As public outrage swelled this week, the Biden Administration that, as a policy matter, the Justice Department would no longer seek to seize reporters’ phone and email records in leak investigations, so long as reporters are “doing their jobs.” That caveat is unclear and worrisome, but the ban is still a welcome step. Rules that give law enforcement officials discretion have not worked.
But executive branch policies can be changed from one administration to the next, or secretly subverted without the public’s knowledge. That’s why we need permanent safeguards. To begin, the Justice Department should engage in rulemaking to enshrine the ban in regulation. We also need a federal reporter’s shield statute — one that imposes strict new limitations, safeguards vital journalism, and will outlast the policies or whims of any individual administration. Congress almost created a federal reporters’ shield law in 2010 when the House passed the Free Flow of Information Act, a version of which the ACLU supported. The time has come to renew those efforts.

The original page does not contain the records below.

lemma independence_number_eq: "independence_number V E = card A"
  unfolding independence_number_def
proof (rule Max_eqI)
  have "{S. independent_set V E S} \<subseteq> Pow V" by (auto simp: independent_set_def)
  then show "finite (card ` {S. independent_set V E S})"
    using finite_V by (auto intro: finite_subset)
qed (use card_independent_set_le independent_set_A in auto)

lemma neighbour_exists:
  assumes "v \<in> V"
  shows "\<exists>u. E v u"
proof -
  have "card {u. E v u} = 3" using cubic assms by (simp add: cubic_def)
  then have "{u. E v u} \<noteq> {}" by (metis card.empty zero_neq_numeral)
  then show ?thesis by blast
qed

lemma card_A_le_if_dom_can_force: "dom_can_force V E k {} \<Longrightarrow> card A \<le> k"
  using card_A_diff_le_if_dom_can_force[of "{}" k] neighbour_exists by simp

lemma card_A_le_card_dominated_outside:
  assumes "card A \<le> 6" "independent_set V E D"
    and no_fresh: "\<forall>v\<in>V. \<exists>x\<in>closed_nbhd E v. dominated E D x"
  shows "card A \<le> card ({x\<in>V. dominated E D x} - D)" (is "_ \<le> card ?X")
proof -
  have "finite ?X" using finite_V by simp
  have D_subset_V: "D \<subseteq> V" using assms(2) by (simp add: independent_set_def)
  have neighbours_in_X: "{y. E d y} \<subseteq> ?X" if "d \<in> D" for d
    using assms(2) that edge_in_V(2) by (auto simp: independent_set_def dominated_def)
  consider (both) a b where "a \<in> D \<inter> A" "b \<in> D \<inter> B" | (no_A) "D \<inter> A = {}" | (no_B) "D \<inter> B = {}"
    by blast
  then show ?thesis
  proof cases
    case both
    then have "a \<in> V" "b \<in> V" using A_subset_V B_subset_V by auto
    moreover have "{y. E a y} \<inter> {y. E b y} = {}"
      using both edge_A_B edge_B_A parts_disjoint by blast
    ultimately have "card ({y. E a y} \<union> {y. E b y}) = 6"
      using cubic finite_neighbours by (simp add: card_Un_disjoint cubic_def)
    moreover have "card ({y. E a y} \<union> {y. E b y}) \<le> card ?X"
      using both neighbours_in_X \<open>finite ?X\<close> by (intro card_mono) auto
    ultimately show ?thesis using assms(1) by simp
  next
    case no_A
    then have "A \<subseteq> ?X"
      using dominated_if_disjoint_side[OF D_subset_V no_A no_fresh] A_subset_V by blast
    then show ?thesis using card_mono[OF \<open>finite ?X\<close>] by blast
  next
    case no_B
    then have "B \<subseteq> ?X"
      using bipartite_graph.dominated_if_disjoint_side[OF bipartite_graph_swap D_subset_V no_B no_fresh]
        B_subset_V by blast
    then show ?thesis using card_mono[OF \<open>finite ?X\<close>] card_A_eq_card_B by simp
  qed
qed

The ACLU has previously issued recommendations meant to protect reporters from being forced to testify about their sources in leak investigations. The Justice Department’s recent demands for phone and email records are even worse for at least two reasons. First, they expose many of a journalist’s confidential sources to government scrutiny, not only the specific source relevant to the leak investigation. Second, a reporter will always have notice when their testimony is sought and they can decide to fight the subpoena or even to go to jail to protect their source, as many reporters have. But a secret demand issued to a phone or email provider comes with no notice and, as we’ve seen recently, often no opportunity to fight back in court.

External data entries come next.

lemma max_overlap_eq_1_iff:
  fixes a b :: real
  assumes "0 \<le> a" "a \<le> 1" "0 \<le> b" "b \<le> 1"
  shows "max (a * b) (sqrt ((1 - a\<^sup>2) * (1 - b\<^sup>2))) = 1 \<longleftrightarrow> (a = 1 \<and> b = 1) \<or> (a = 0 \<and> b = 0)"
proof
  assume "max (a * b) (sqrt ((1 - a\<^sup>2) * (1 - b\<^sup>2))) = 1"
  then consider "a * b = 1" | "(1 - a\<^sup>2) * (1 - b\<^sup>2) = 1"
    by (metis max_def real_sqrt_eq_1_iff)
  then show "(a = 1 \<and> b = 1) \<or> (a = 0 \<and> b = 0)"
  proof cases
    case 1
    then show ?thesis using assms mult_left_le[of b a] mult_right_le_one_le[of a b] by auto
  next
    case 2
    have "0 \<le> 1 - a\<^sup>2" "1 - a\<^sup>2 \<le> 1" "0 \<le> 1 - b\<^sup>2" "1 - b\<^sup>2 \<le> 1"
      using assms by (simp_all add: power_le_one)
    then have "1 - a\<^sup>2 = 1" "1 - b\<^sup>2 = 1"
      using 2 mult_left_le[of "1 - b\<^sup>2" "1 - a\<^sup>2"] mult_left_le_one_le[of "1 - b\<^sup>2" "1 - a\<^sup>2"]
      by linarith+
    then show ?thesis by simp
  qed
qed auto

section \<open>Vectors and matrices on \<open>\<complex>\<^sup>2\<close>\<close>

lemma braket_expand: "braket x y = cnj (x$1) * y$1 + cnj (x$2) * y$2"
  by (simp add: braket_def sum_2)

lemma sandwich_expand:
  "sandwich x A = cnj (x$1) * A$1$1 * x$1 + cnj (x$1) * A$1$2 * x$2
                + cnj (x$2) * A$2$1 * x$1 + cnj (x$2) * A$2$2 * x$2"
  by (simp add: sandwich_def sum_2)

lemma ctrace_expand: "ctrace A = A$1$1 + A$2$2"
  by (simp add: ctrace_def sum_2)

lemma norm_cvec2_sq: "(norm (x::cvec2))\<^sup>2 = (cmod (x$1))\<^sup>2 + (cmod (x$2))\<^sup>2"
  by (simp add: norm_vec_def L2_set_def sum_2)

Protecting reporters and an independent press requires at minimum:
- Banning the use of secret subpoenas and court orders to seize journalists’ communications records;
- Adopting a qualified privilege that broadly protects journalists from being forced to testify and disclose their sources, with very narrow exceptions to account for other competing rights and interests;
- Balancing a reporters’ privilege with the right of criminal defendants to have access to sources and information that may be exculpatory or might mitigate their sentences; and
- Limiting any national security exception to cases of imminent and actual harm to ensure journalists continue to have independence to report government abuses of power, consistent with public safety.
Respecting the privacy of journalists promotes democracy. Journalists provide information needed for voters to evaluate candidates, political parties, and government policies. They uncover unlawful acts by elected representatives and expose government abuses of power. Protecting reporters and their sources from surveillance, including in leak investigations, is critical to ensuring that the press can perform its necessary role.